The model of the Einstein solid differs from a model of $$N_\mathrm{Av}$$ one-dimensional harmonic oscillators according to Section [section:harmonic_oscillator] only by a power of 3 in the partition function, which, after computing the logarithm, becomes a factor of 3 in the temperature-dependent term of $$U_\mathrm{vib}$$ and thus in $$C_\mathrm{vib}$$. Hence, in the high-temperature limit the vibrational contribution to the molar heat capacity of a gas consisting of diatomic molecules is equal to $$R$$. It follows that, in this limit, each molecule contributes an energy $$k_\mathrm{B} T$$ to the internal energy, i.e. each of the two degrees of freedom (potential and kinetic energy of the vibration) that are quadratic in the coordinates contributes a term $$k_\mathrm{B} T/2$$. This agrees with the equipartition theorem.
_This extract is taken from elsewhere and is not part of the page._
(* For every formula $\varphi$, if $\vdash_{\mathbf{PTKv}^{+}}\varphi$ then $\varphi$ is valid (true at every world of every model).
   Context: Fix a countable set $\mathsf{Prop}$ of propositional variables, a countable set $\mathsf{Term}$ of atomic terms, and a finite set of agents $\mathcal{A}=\{1,\dots,n\}$. Let $\Theta_K=[0,1]\cap\mathbb{Q}$ and $\Theta_V^+=(\frac12,1]\cap\mathbb{Q}$. Formulas are generated by $\varphi::= p\mid t=s\mid\neg\varphi\mid(\varphi\to\psi)\mid K_i^\theta\varphi\mid Kv_i^\eta(t)$ with $p\in\mathsf{Prop}$, $t,s\in\mathsf{Term}$, $i\in\mathcal{A}$, $\theta\in\Theta_K$, $\eta\in\Theta_V^+$; other connectives are standard abbreviations. A model is $M=(W,D,\{P_i\}_{i\in\mathcal{A}},V,\mathsf{val})$ with $W\neq\emptyset$, $D\neq\emptyset$, $P_i(w)$ a countably additive probability measure on the powerset of $W$ for each $i,w$, $V:W\times\mathsf{Prop}\to\{0,1\}$, $\mathsf{val}:W\times\mathsf{Term}\to D$. Write $\llbracket\varphi\rrbracket^M=\{u\mid M,u\models\varphi\}$ and $\llbracket t=d\rrbracket^M=\{u\mid \mathsf{val}(u,t)=d\}$. Satisfaction: $M,w\models p$ iff $V(w,p)=1$; $M,w\models t=s$ iff $\mathsf{val}(w,t)=\mathsf{val}(w,s)$; Boolean clauses as usual; $M,w\models K_i^\theta\varphi$ iff $P_i(w)(\llbracket\varphi\rrbracket^M)\ge\theta$; $M,w\models Kv_i^\eta(t)$ iff there exists a unique $d\in D$ with $P_i(w)(\llbracket t=d\rrbracket^M)\ge\eta$. The system $\mathbf{PTKv}^{-}$ has rules Modus Ponens and $\mathrm{Nec}_K$ (from $\varphi$ infer $K_i^\theta\varphi$, for all $i\in\mathcal{A}$, $\theta\in\Theta_K$), and axiom schemata (for all agents $i$, terms $t,s,u$, formulas $\varphi,\psi$): all propositional tautologies; $t=t$; $t=s\to s=t$; $(t=s\wedge s=u)\to t=u$; $t=s\to((t=u)\leftrightarrow(s=u))$; $K_i^{\theta'}\varphi\to K_i^\theta\varphi$ for $\theta\le\theta'$ in $\Theta_K$; $K_i^\alpha(\varphi\to\psi)\to(K_i^\beta\varphi\to K_i^{\max\{0,\alpha+\beta-1\}}\psi)$ for $\alpha,\beta\in\Theta_K$; $K_i^\alpha\varphi\to\neg K_i^\beta\neg\varphi$ for $\alpha+\beta>1$; $K_i^0\varphi$; $K_i^1(t=s)\to(K_i^\theta(t=u)\leftrightarrow K_i^\theta(s=u))$ for $\theta\in\Theta_K$; $K_i^1(t=s)\to(Kv_i^\eta(t)\leftrightarrow Kv_i^\eta(s))$ for $\eta\in\Theta_V^+$. The system $\mathbf{PTKv}^{+}$ is $\mathbf{PTKv}^{-}$ plus the schemata: $K_i^1(\varphi\leftrightarrow\psi)\to(K_i^\theta\varphi\leftrightarrow K_i^\theta\psi)$ for $\theta\in\Theta_K$; $K_i^\alpha\varphi\wedge K_i^\beta\psi\wedge K_i^1\neg(\varphi\wedge\psi)\to K_i^{\alpha+\beta}(\varphi\vee\psi)$ for $\alpha,\beta\in\Theta_K$ with $\alpha+\beta\le1$; $Kv_i^\eta(t)\to Kv_i^\zeta(t)$ for $\eta,\zeta\in\Theta_V^+$ with $\zeta\le\eta$. *)

theory Defs
  imports "HOL-Probability.Probability"
begin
Likewise, the Einstein solid agrees with this theorem.

From experiments it is known that molar heat capacity approaches zero when temperature approaches zero. Again the limiting value can be computed by the approach of de ’l Hospital , where this time we can neglect the 1 in $$e^{\Theta_\mathrm{vib}/T}-1$$, as $$e^{\Theta_\mathrm{vib}/T}$$ tends to infinity for $$T \rightarrow 0$$. In the last step we obtain

$\lim\limits_{\mathcal{T} \rightarrow 0} C_\mathrm{vib} = 6 R \lim\limits_{\mathcal{T} \rightarrow 0} \frac{1}{e^{\Theta_\mathrm{vib}/T}} = 0 \ .$

Thus, the Einstein solid also agrees with the limiting behavior of heat capacity at very low temperatures.
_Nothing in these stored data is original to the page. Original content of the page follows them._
(* Let $S$ be a $d\times d$ symmetric positive semidefinite matrix with $S_{ii}>0$ for all $i$. For any $\rho>0$, the graphical lasso problem of minimizing $-\log\det K+\operatorname{tr}(SK)+\rho\sum_{i\ne j}|K_{ij}|$ over positive definite $K$ has an optimum, and it is unique. More generally, for symmetric $L,U$ with entries in $\mathbb{R}\cup\{\pm\infty\}$, $L_{ii}=U_{ii}=0$ and $L_{ij}<0<U_{ij}$ for all $i\ne j$, the problem of minimizing $-\log\det K+\operatorname{tr}(SK)+\sum_{i\neq j}\max\{L_{ij}K_{ij},U_{ij}K_{ij}\}$ over positive definite $K$ (convention $\pm\infty\cdot0=0$) has a unique optimum. *)

theory Defs
  imports "HOL-Analysis.Analysis" "HOL-Library.Extended_Real"
begin

definition sym_mat :: "('a::zero) ^'n^'n \<Rightarrow> bool" where
  "sym_mat A \<longleftrightarrow> transpose A = A"

definition psd_mat :: "real^'n^'n \<Rightarrow> bool" where
  "psd_mat A \<longleftrightarrow> sym_mat A \<and> (\<forall>x. 0 \<le> x \<bullet> (A *v x))"

definition pd_mat :: "real^'n^'n \<Rightarrow> bool" where
  "pd_mat A \<longleftrightarrow> sym_mat A \<and> (\<forall>x. x \<noteq> 0 \<longrightarrow> 0 < x \<bullet> (A *v x))"

definition glasso_obj :: "real^'n^'n \<Rightarrow> real \<Rightarrow> real^'n^'n \<Rightarrow> real" where
  "glasso_obj S \<rho> K = - ln (det K) + trace (S ** K)
     + \<rho> * (\<Sum>i\<in>UNIV. \<Sum>j\<in>UNIV - {i}. \<bar>K $ i $ j\<bar>)"

text \<open>Generalized objective with extended-real box penalty (ereal: \<open>\<infinity> * 0 = 0\<close>).\<close>
definition box_obj :: "real^'n^'n \<Rightarrow> ereal^'n^'n \<Rightarrow> ereal^'n^'n \<Rightarrow> real^'n^'n \<Rightarrow> ereal" where
  "box_obj S L U K = ereal (- ln (det K) + trace (S ** K))
     + (\<Sum>i\<in>UNIV. \<Sum>j\<in>UNIV - {i}.
          max (L $ i $ j * ereal (K $ i $ j)) (U $ i $ j * ereal (K $ i $ j)))"

end

theory Submission
  imports Defs
begin

(* The objective is strictly convex on the positive definite cone: the penalty is convex and
   ln det is strictly concave, which after a simultaneous diagonalisation of two positive definite
   matrices reduces to the strict concavity of ln.  Hence there is at most one minimiser.
   For existence, the positive diagonal of S gives a constant l > 0 with
   tr(S K) + penalty(K) >= l tr K on the feasible positive semidefinite matrices.  Since
   -ln det K + (l/2) tr K is bounded below, a sublevel set has bounded trace and determinant
   bounded away from 0; it is therefore a compact set of positive definite matrices, on which the
   continuous objective attains its minimum.  An infinite bound L_ij = -oo (U_ij = +oo) only
   restricts K_ij to a closed half-line, on which the penalty is finite, convex and continuous;
   the graphical lasso is the special case L_ij = -rho, U_ij = rho. *)

section \<open>Symmetric matrices and the spectral theorem\<close>

lemma sym_mat_iff_nth: "sym_mat (A :: 'a::zero^'n^'n) \<longleftrightarrow> (\<forall>i j. A$j$i = A$i$j)"
  by (auto simp: sym_mat_def vec_eq_iff transpose_def)

lemma sym_mat_inner_commute:
  fixes A :: "real^'n^'n"
  assumes "sym_mat A"
  shows "(A *v x) \<bullet> y = x \<bullet> (A *v y)"
  using assms by (metis dot_lmul_matrix sym_mat_def vector_transpose_matrix)

lemma sym_mat_congruence:
  fixes R B :: "real^'n^'n"
  assumes "sym_mat B"
  shows "sym_mat (R ** B ** transpose R)"
  using assms by (simp add: sym_mat_def matrix_transpose_mul matrix_mul_assoc)

lemma inner_congruence:
  fixes R M :: "real^'n^'n"
  shows "x \<bullet> ((R ** M ** transpose R) *v x) = (transpose R *v x) \<bullet> (M *v (transpose R *v x))"
  by (simp add: matrix_vector_mul_assoc[symmetric] dot_lmul_matrix)

lemma matrix_mul_transpose_nth:
  fixes X A Y :: "real^'n^'n"
  shows "(X ** A ** transpose Y)$i$j = X$i \<bullet> (A *v Y$j)"
proof -
  have "(X ** A ** transpose Y)$i$j = (\<Sum>k\<in>UNIV. \<Sum>l\<in>UNIV. X$i$l * (A$l$k * Y$j$k))"
    by (simp add: matrix_matrix_mult_def transpose_def sum_distrib_right mult.assoc)
  also have "\<dots> = X$i \<bullet> (A *v Y$j)"
    by (subst sum.swap) (simp add: inner_vec_def matrix_vector_mult_def sum_distrib_left)
  finally show ?thesis .
qed

lemma matrix_nth_eq_inner: "(K::real^'n^'n)$i$j = (mat 1::real^'n^'n)$i \<bullet> (K *v (mat 1::real^'n^'n)$j)"
  using matrix_mul_transpose_nth[of "mat 1" K "mat 1" i j] by simp

lemma zero_if_linear_le_quadratic:
  fixes a b :: real
  assumes "\<And>t. 2 * t * a \<le> t\<^sup>2 * b"
  shows "a = 0"
proof (rule ccontr)
  assume "a \<noteq> 0"
  define s where "s = 1 / (\<bar>b\<bar> + 1)"
  have "s > 0" by (simp add: s_def)
  have "a\<^sup>2 * (2 * s) \<le> a\<^sup>2 * (s\<^sup>2 * b)"
    using assms[of "s * a"] by (simp add: algebra_simps power2_eq_square)
  moreover have "0 < a\<^sup>2" using \<open>a \<noteq> 0\<close> by simp
  ultimately have "2 * s \<le> s\<^sup>2 * b" by (simp only: mult_le_cancel_left_pos)
  hence "s * 2 \<le> s * (s * b)" by (simp add: power2_eq_square ac_simps)
  with \<open>s > 0\<close> have "2 \<le> s * b" by simp
  moreover have "s * b < 1" using \<open>s > 0\<close> by (simp add: s_def field_simps)
  ultimately show False by simp
qed

lemma continuous_on_quadratic_form: "continuous_on S (\<lambda>x::real^'n. x \<bullet> (A *v x))"
  by (intro continuous_intros linear_continuous_on matrix_vector_mul_bounded_linear)

lemma sym_mat_unit_eigenvector_in_invariant_subspace:
  fixes A :: "real^'n^'n"
  assumes symA: "sym_mat A" and V: "subspace V" "V \<noteq> {0}" and invV: "\<And>x. x \<in> V \<Longrightarrow> A *v x \<in> V"
  obtains v l where "v \<in> V" "norm v = 1" "A *v v = l *\<^sub>R v"
proof -
  let ?S = "V \<inter> sphere 0 1"
  obtain u where u: "u \<in> V" "u \<noteq> 0" using V subspace_0 by blast
  have "(1 / norm u) *\<^sub>R u \<in> ?S" using u V(1) by (simp add: subspace_scale)
  hence "?S \<noteq> {}" by blast
  moreover have "compact ?S" by (intro closed_Int_compact closed_subspace V(1) compact_sphere)
  ultimately obtain v where v: "v \<in> ?S" and vmax: "\<And>y. y \<in> ?S \<Longrightarrow> y \<bullet> (A *v y) \<le> v \<bullet> (A *v v)"
    using continuous_attains_sup[OF _ _ continuous_on_quadratic_form] by metis
  define l where "l = v \<bullet> (A *v v)"
  have vV: "v \<in> V" and vv: "v \<bullet> v = 1" using v by (auto simp: norm_eq_1)
  have quad_le: "x \<bullet> (A *v x) \<le> l * (x \<bullet> x)" if "x \<in> V" for x
  proof (cases "x = 0")
    case False
    have "(1 / norm x) *\<^sub>R x \<in> ?S" using that False V(1) by (simp add: subspace_scale)
    hence "((1 / norm x) *\<^sub>R x) \<bullet> (A *v ((1 / norm x) *\<^sub>R x)) \<le> l" using vmax l_def by blast
    hence "(x \<bullet> (A *v x)) / (norm x)\<^sup>2 \<le> l"
      by (simp add: matrix_vector_mult_scaleR power2_eq_square)
    thus ?thesis using False by (simp add: divide_le_eq power2_norm_eq_inner)
  qed simp
  \<comment> \<open>\<open>v\<close> maximises the Rayleigh quotient on \<open>V\<close>, so the first variation
    in any direction \<open>w \<bottom> v\<close> vanishes\<close>
  have orth: "w \<bullet> (A *v v) = 0" if "w \<in> V" "v \<bullet> w = 0" for w
  proof (rule zero_if_linear_le_quadratic[where b = "l * (w \<bullet> w) - w \<bullet> (A *v w)"])
    fix t :: real
    have quad: "(v + t *\<^sub>R w) \<bullet> (A *v (v + t *\<^sub>R w)) = l + 2 * t * (w \<bullet> (A *v v)) + t\<^sup>2 * (w \<bullet> (A *v w))"
      using sym_mat_inner_commute[OF symA, of w v] inner_commute[of "A *v w" v]
      by (simp add: l_def matrix_vector_right_distrib matrix_vector_mult_scaleR inner_add_left
          inner_add_right power2_eq_square algebra_simps)
    have sq: "(v + t *\<^sub>R w) \<bullet> (v + t *\<^sub>R w) = 1 + t\<^sup>2 * (w \<bullet> w)"
      using vv that(2) by (simp add: inner_add_left inner_add_right inner_commute power2_eq_square)
    have "(v + t *\<^sub>R w) \<bullet> (A *v (v + t *\<^sub>R w)) \<le> l * ((v + t *\<^sub>R w) \<bullet> (v + t *\<^sub>R w))"
      using vV that V(1) by (intro quad_le) (simp add: subspace_add subspace_scale)
    thus "2 * t * (w \<bullet> (A *v v)) \<le> t\<^sup>2 * (l * (w \<bullet> w) - w \<bullet> (A *v w))"
      unfolding quad sq by (simp add: algebra_simps)
  qed
  define z where "z = A *v v - l *\<^sub>R v"
  have "z \<in> V" using invV[OF vV] vV V(1) by (simp add: z_def subspace_diff subspace_scale)
  moreover have "v \<bullet> z = 0" using vv by (simp add: z_def l_def inner_diff_right)
  ultimately have "z \<bullet> (A *v v) = 0" by (rule orth)
  hence "z \<bullet> z = 0" using \<open>v \<bullet> z = 0\<close> by (simp add: z_def inner_diff_right inner_commute)
  hence "A *v v = l *\<^sub>R v" by (simp add: z_def)
  with that vV v show ?thesis by auto
qed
Nevertheless the model is ’too simple’, and Einstein was well aware of that. Vibrations of the individual atoms are not independent, but rather collective. The lattice vibrations, called phonons, have a spectrum whose computation is outside the scope of the Einstein model. A model that can describe this spectrum has been developed by Debye based on the density of states of frequencies $$\nu$$. This density of states in turn has been derived by Rayleigh and Jeans based on the idea that the phonons are a system of standing waves in the solid. It is given by

$D\left( \nu \right) = \frac{4 \pi \nu^2}{c^3} V \ .$

Debye replaced $$c$$ by a mean velocity of wave propagation in the solid, considered one longitudinal and two transverse waves and only the $$3N$$ states with the lowest frequencies, as the solid has only $$3N$$ vibrational degrees of freedom. These considerations lead to a maximum phonon frequency $$\nu_\mathrm{max}$$ and, after resubstitution of the mean velocity, to a frequency spectrum that is still proportional to $$\nu^2$$ and scales with $$\nu_\mathrm{max}^{-3}$$. Instead of the characteristic vibration temperature, it is now convenient to define the Debye temperature

$\Theta_\mathrm{D} = \frac{h \nu_\mathrm{max}}{k_\mathrm{B}} \ .$

In this model the molar heat capacity of the solid becomes

$C_\mathrm{vib} = 9 R \left(\frac{T}{\Theta_\mathrm{D}} \right)^3 \int_0^{\Theta_\mathrm{D}/T} \frac{x^4 e^x}{\left(e^x - 1 \right)^2} \mathrm{d} x$

The integral can be evaluated numerically after series expansion and finally Debye’s $$T^3$$ law,

$\lim\limits_{\mathcal{T} \rightarrow 0} C_\mathrm{vib} = 233.8 R \frac{T^3}{\Theta_\mathrm{D}^3} \ ,$

results. This law does not only correctly describe that the heat capacity vanishes at absolute zero, it also correctly reproduces the scaling law, i.e., the $$T^3$$ dependence that is found experimentally. The high-temperature limit can also be obtained by series expansion and is again Dulong-Petit’s value of $$3R$$.

The Debye model is still an approximation. Phonon spectra of crystalline solids are not featureless. They are approximated, but not fully reproduced, by a $$\nu^2$$ dependence. The deviations from the Debye model depend on the specific crystal structure.